=== Work item ===
From the data, return each line holding the word "sign".

=== Supplied material ===

lemma sine_sum_deriv_trig_coeff_at_pi:
  assumes "3 \<le> n"
  shows "sine_sum_deriv (trig_coeff n kap lam) n j pi
    = sin (real j * pi / 2) * (- kap + (\<Sum>k=2..n-1. (-1)^k * real k ^ j) + (-1)^n * real n ^ j * lam)"
  using sum_trig_coeff[OF assms, of kap lam "\<lambda>k. (-1)^k * real k ^ j"]
  unfolding sine_sum_deriv_at_pi by (simp add: mult_ac)

lemma trig_poly_eq_modified_conj_dirichlet:
  assumes "3 \<le> n"
  shows "trig_poly n kap lam x
    = modified_conj_dirichlet n x + (kap - 1) * sin x + (lam - 1/2) * sin (real n * x)"
  using sum_lessThan_eq_sum_from_2[of n "\<lambda>k. sin (real k * x)"] assms
  by (simp add: trig_poly_def modified_conj_dirichlet_def algebra_simps)

lemma not_mem_trig_poly_P_by_Taylor_at_pi:
  assumes n: "3 \<le> n" and m: "0 < m"
    and zero: "\<And>j. j < m \<Longrightarrow> sine_sum_deriv (trig_coeff n kap lam) n j pi = 0"
    and sign: "(-1)^m * sine_sum_deriv (trig_coeff n kap lam) n m pi < 0"
  shows "(kap, lam) \<notin> trig_poly_P n"
proof -
  obtain x where "0 < x" "x < pi" "sine_sum_deriv (trig_coeff n kap lam) n 0 x < 0"
    using Taylor_negative_left_of_zero[OF has_real_derivative_sine_sum_deriv m zero sign pi_gt_zero]
    by auto
  then show ?thesis
    unfolding mem_trig_poly_P_iff trig_poly_eq_sine_sum_deriv[OF n]
    by (auto simp: not_le intro!: bexI[of _ x])
qed

section \<open>The threshold \<open>kappa0\<close>\<close>

definition kappa0 :: "nat \<Rightarrow> real \<Rightarrow> real" where
  "kappa0 n lam = (SUP x\<in>{0<..<pi}. - trig_poly n 0 lam x / sin x)"

lemma abs_trig_poly_zero_le:
  "\<bar>trig_poly n 0 lam x\<bar> \<le> ((\<Sum>k=2..n-1. real k) + \<bar>lam\<bar> * real n) * \<bar>sin x\<bar>"
proof -
  have "\<bar>\<Sum>k=2..n-1. sin (real k * x)\<bar> \<le> (\<Sum>k=2..n-1. \<bar>sin (real k * x)\<bar>)"
    by (rule sum_abs)
  also have "\<dots> \<le> (\<Sum>k=2..n-1. real k * \<bar>sin x\<bar>)"
    by (rule sum_mono) (rule abs_sin_real_mult_le)
  finally have "\<bar>\<Sum>k=2..n-1. sin (real k * x)\<bar> \<le> (\<Sum>k=2..n-1. real k) * \<bar>sin x\<bar>"
    by (simp add: sum_distrib_right)
  moreover have "\<bar>lam * sin (real n * x)\<bar> \<le> \<bar>lam\<bar> * real n * \<bar>sin x\<bar>"
    using mult_left_mono[OF abs_sin_real_mult_le, of "\<bar>lam\<bar>" n x] by (simp add: abs_mult mult.assoc)
  moreover have "\<bar>trig_poly n 0 lam x\<bar>
      \<le> \<bar>\<Sum>k=2..n-1. sin (real k * x)\<bar> + \<bar>lam * sin (real n * x)\<bar>"
    unfolding trig_poly_def by (simp add: abs_triangle_ineq)
  ultimately show ?thesis by (simp add: distrib_right)
qed

lemma bdd_above_kappa0:
  "bdd_above ((\<lambda>x. - trig_poly n 0 lam x / sin x) ` {0<..<pi})"
proof (rule bdd_aboveI2)
  fix x :: real assume "x \<in> {0<..<pi}"
  then have s: "0 < sin x" by (intro sin_gt_zero) auto
  then show "- trig_poly n 0 lam x / sin x \<le> (\<Sum>k=2..n-1. real k) + \<bar>lam\<bar> * real n"
    using abs_trig_poly_zero_le[of n lam x] pos_divide_le_eq[OF s, of "- trig_poly n 0 lam x"]
    by (simp add: abs_le_iff)
qed

lemma mem_trig_poly_P_iff_kappa0_le: "(kap, lam) \<in> trig_poly_P n \<longleftrightarrow> kappa0 n lam \<le> kap"
proof -
  have ne: "{0<..<pi} \<noteq> {}" by (simp add: not_le)
  have "{0..pi} = insert 0 (insert pi {0<..<pi})" using pi_gt_zero by auto
  then have "(\<forall>x\<in>{0..pi}. 0 \<le> trig_poly n kap lam x) \<longleftrightarrow> (\<forall>x\<in>{0<..<pi}. 0 \<le> trig_poly n kap lam x)"
    by (simp add: trig_poly_def)
  also have "\<dots> \<longleftrightarrow> (\<forall>x\<in>{0<..<pi}. - trig_poly n 0 lam x / sin x \<le> kap)"
  proof (intro ball_cong refl)
    fix x :: real assume "x \<in> {0<..<pi}"
    then have "0 < sin x" by (intro sin_gt_zero) auto
    then show "0 \<le> trig_poly n kap lam x \<longleftrightarrow> - trig_poly n 0 lam x / sin x \<le> kap"
      by (simp add: trig_poly_def pos_divide_le_eq) arith
  qed
  finally show ?thesis
    unfolding mem_trig_poly_P_iff kappa0_def cSUP_le_iff[OF ne bdd_above_kappa0] .
qed

lemma sum_alternating_lessThan_even: "(\<Sum>k<2*p. (-1)^k * real k) = - real p"
  by (induction p) (auto simp: algebra_simps)

lemma sum_alternating_cubes_lessThan_even:
  "(\<Sum>k<2*p. (-1)^k * real k ^ 3) = real p^2 * (3 - 4 * real p)"
  by (induction p) (auto simp: algebra_simps power2_eq_square power3_eq_cube)

lemma sum_alternating_from_2_odd:
  assumes "odd n" "3 \<le> n"
  shows "(\<Sum>k=2..n-1. (-1)^k * real k) = (real n + 1) / 2"
proof -
  obtain p where p: "n = 2*p + 1" using assms(1) oddE by blast
  have "(\<Sum>k<n. (-1)^k * real k) = real p"
    unfolding p using sum_alternating_lessThan_even[of p] by simp
  then show ?thesis
    using sum_lessThan_eq_sum_from_2[of n "\<lambda>k. (-1)^k * real k"] assms p by simp
qed

lemma sum_alternating_from_2_even:
  assumes "even n" "3 \<le> n"
  shows "(\<Sum>k=2..n-1. (-1)^k * real k) = - (real n - 2) / 2"
proof -
  obtain p where p: "n = 2*p" using assms(1) evenE by blast
  then show ?thesis
    using sum_lessThan_eq_sum_from_2[of n "\<lambda>k. (-1)^k * real k"] assms
      sum_alternating_lessThan_even[of p] by simp
qed

lemma sum_alternating_cubes_from_2_odd:
  assumes "odd n" "3 \<le> n"
  shows "(\<Sum>k=2..n-1. (-1)^k * real k ^ 3) = (real n - 1)^2 * (2 * real n + 1) / 4 + 1"
proof -
  obtain p where p: "n = 2*p + 1" using assms(1) oddE by blast
  have "(\<Sum>k=2..n-1. (-1)^k * real k ^ 3) = (\<Sum>k<n. (-1)^k * real k ^ 3) + 1"
    using sum_lessThan_eq_sum_from_2[of n "\<lambda>k. (-1)^k * real k ^ 3"] assms by simp
  also have "(\<Sum>k<n. (-1)^k * real k ^ 3) = real p^2 * (3 - 4 * real p) + (2 * real p) ^ 3"
    unfolding p using sum_alternating_cubes_lessThan_even[of p] by simp
  also have "\<dots> + 1 = (real n - 1)^2 * (2 * real n + 1) / 4 + 1"
    unfolding p by (simp add: field_simps power2_eq_square power3_eq_cube)
  finally show ?thesis .
qed

lemma kappa0_ge_alternating_sum:
  assumes n: "3 \<le> n"
  shows "(\<Sum>k=2..n-1. (-1)^k * real k) + (-1)^n * real n * lam \<le> kappa0 n lam"
proof (rule ccontr)
  let ?a = "trig_coeff n (kappa0 n lam) lam"
  assume "\<not> ?thesis"
  then have "(-1)^1 * sine_sum_deriv ?a n 1 pi < 0"
    unfolding sine_sum_deriv_trig_coeff_at_pi[OF n] by simp
  moreover have "sine_sum_deriv ?a n 0 pi = 0"
    unfolding sine_sum_deriv_trig_coeff_at_pi[OF n] by simp
  ultimately have "(kappa0 n lam, lam) \<notin> trig_poly_P n"
    by (intro not_mem_trig_poly_P_by_Taylor_at_pi[OF n]) auto
  then show False by (simp add: mem_trig_poly_P_iff_kappa0_le)
qed

lemma kappa0_odd_eq:
  assumes n: "odd n" "3 \<le> n" and lam: "lam \<le> (2 * real n - 3) / (4 * real n)"
  shows "kappa0 n lam = (real n + 1) / 2 - real n * lam"
proof (rule antisym)
  have N: "3 \<le> real n" using n by simp
  have "0 \<le> trig_poly n ((real n + 1) / 2 - real n * lam) lam x" if x: "0 \<le> x" "x \<le> pi" for x
  proof -
    have "trig_poly n ((real n + 1) / 2 - real n * lam) lam x
        = (real n * sin x + 4 * real n * modified_conj_dirichlet n x - 3 * sin (real n * x)) / (4 * real n)
          + ((2 * real n - 3) / (4 * real n) - lam) * (real n * sin x - sin (real n * x))"
      unfolding trig_poly_eq_modified_conj_dirichlet[OF n(2)] using N by (simp add: field_simps)
    moreover have "0 \<le> real n * sin x + 4 * real n * modified_conj_dirichlet n x - 3 * sin (real n * x)"
      using three_sin_mult_le_conj_dirichlet[OF n x] by simp
    moreover have "0 \<le> ((2 * real n - 3) / (4 * real n) - lam) * (real n * sin x - sin (real n * x))"
      using lam abs_sin_real_mult_le_on_0_pi[OF x, of n] by (intro mult_nonneg_nonneg) auto
    ultimately show ?thesis using N by simp
  qed
  then show "kappa0 n lam \<le> (real n + 1) / 2 - real n * lam"
    unfolding mem_trig_poly_P_iff_kappa0_le[symmetric] mem_trig_poly_P_iff by simp
  have "(\<Sum>k=2..n-1. (-1)^k * real k) - real n * lam \<le> kappa0 n lam"
    using kappa0_ge_alternating_sum[OF n(2), of lam] n(1) by simp
  then show "(real n + 1) / 2 - real n * lam \<le> kappa0 n lam"
    unfolding sum_alternating_from_2_odd[OF n] .
qed

lemma kappa0_odd_gt:
  assumes n: "odd n" "3 \<le> n" and lam: "(2 * real n - 3) / (4 * real n) < lam"
  shows "(real n + 1) / 2 - real n * lam < kappa0 n lam"
proof -
  define c where "c = (real n + 1) / 2 - real n * lam"
  let ?D = "\<lambda>j. sine_sum_deriv (trig_coeff n c lam) n j pi"
  have N: "3 \<le> real n" using n by simp
  have sin3: "sin (3 * pi / 2) = -1" using sin_add[of pi "pi/2"] by simp
  have "?D j = 0" if "j < 3" for j
  proof -
    have "j = 0 \<or> j = 1 \<or> j = 2" using that by auto
    then show ?thesis
      using n(1) sum_alternating_from_2_odd[OF n]
      by (auto simp: sine_sum_deriv_trig_coeff_at_pi[OF n(2)] c_def)
  qed
  moreover have "?D 3 = (real n ^ 3 - real n) * (lam - (2 * real n - 3) / (4 * real n))"
    unfolding sine_sum_deriv_trig_coeff_at_pi[OF n(2)] sum_alternating_cubes_from_2_odd[OF n] c_def
    using n(1) sin3 N by (simp add: field_simps power2_eq_square power3_eq_cube)
  moreover have "0 < real n ^ 3 - real n"
    using N power_strict_increasing[of 1 3 "real n"] by simp
  ultimately have "(c, lam) \<notin> trig_poly_P n"
    using lam by (intro not_mem_trig_poly_P_by_Taylor_at_pi[OF n(2), of 3]) auto
  then show ?thesis unfolding c_def mem_trig_poly_P_iff_kappa0_le by simp
qed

=== Result for this exercise ===
    and sign: "(-1)^m * sine_sum_deriv (trig_coeff n kap lam) n m pi < 0"
    using Taylor_negative_left_of_zero[OF has_real_derivative_sine_sum_deriv m zero sign pi_gt_zero]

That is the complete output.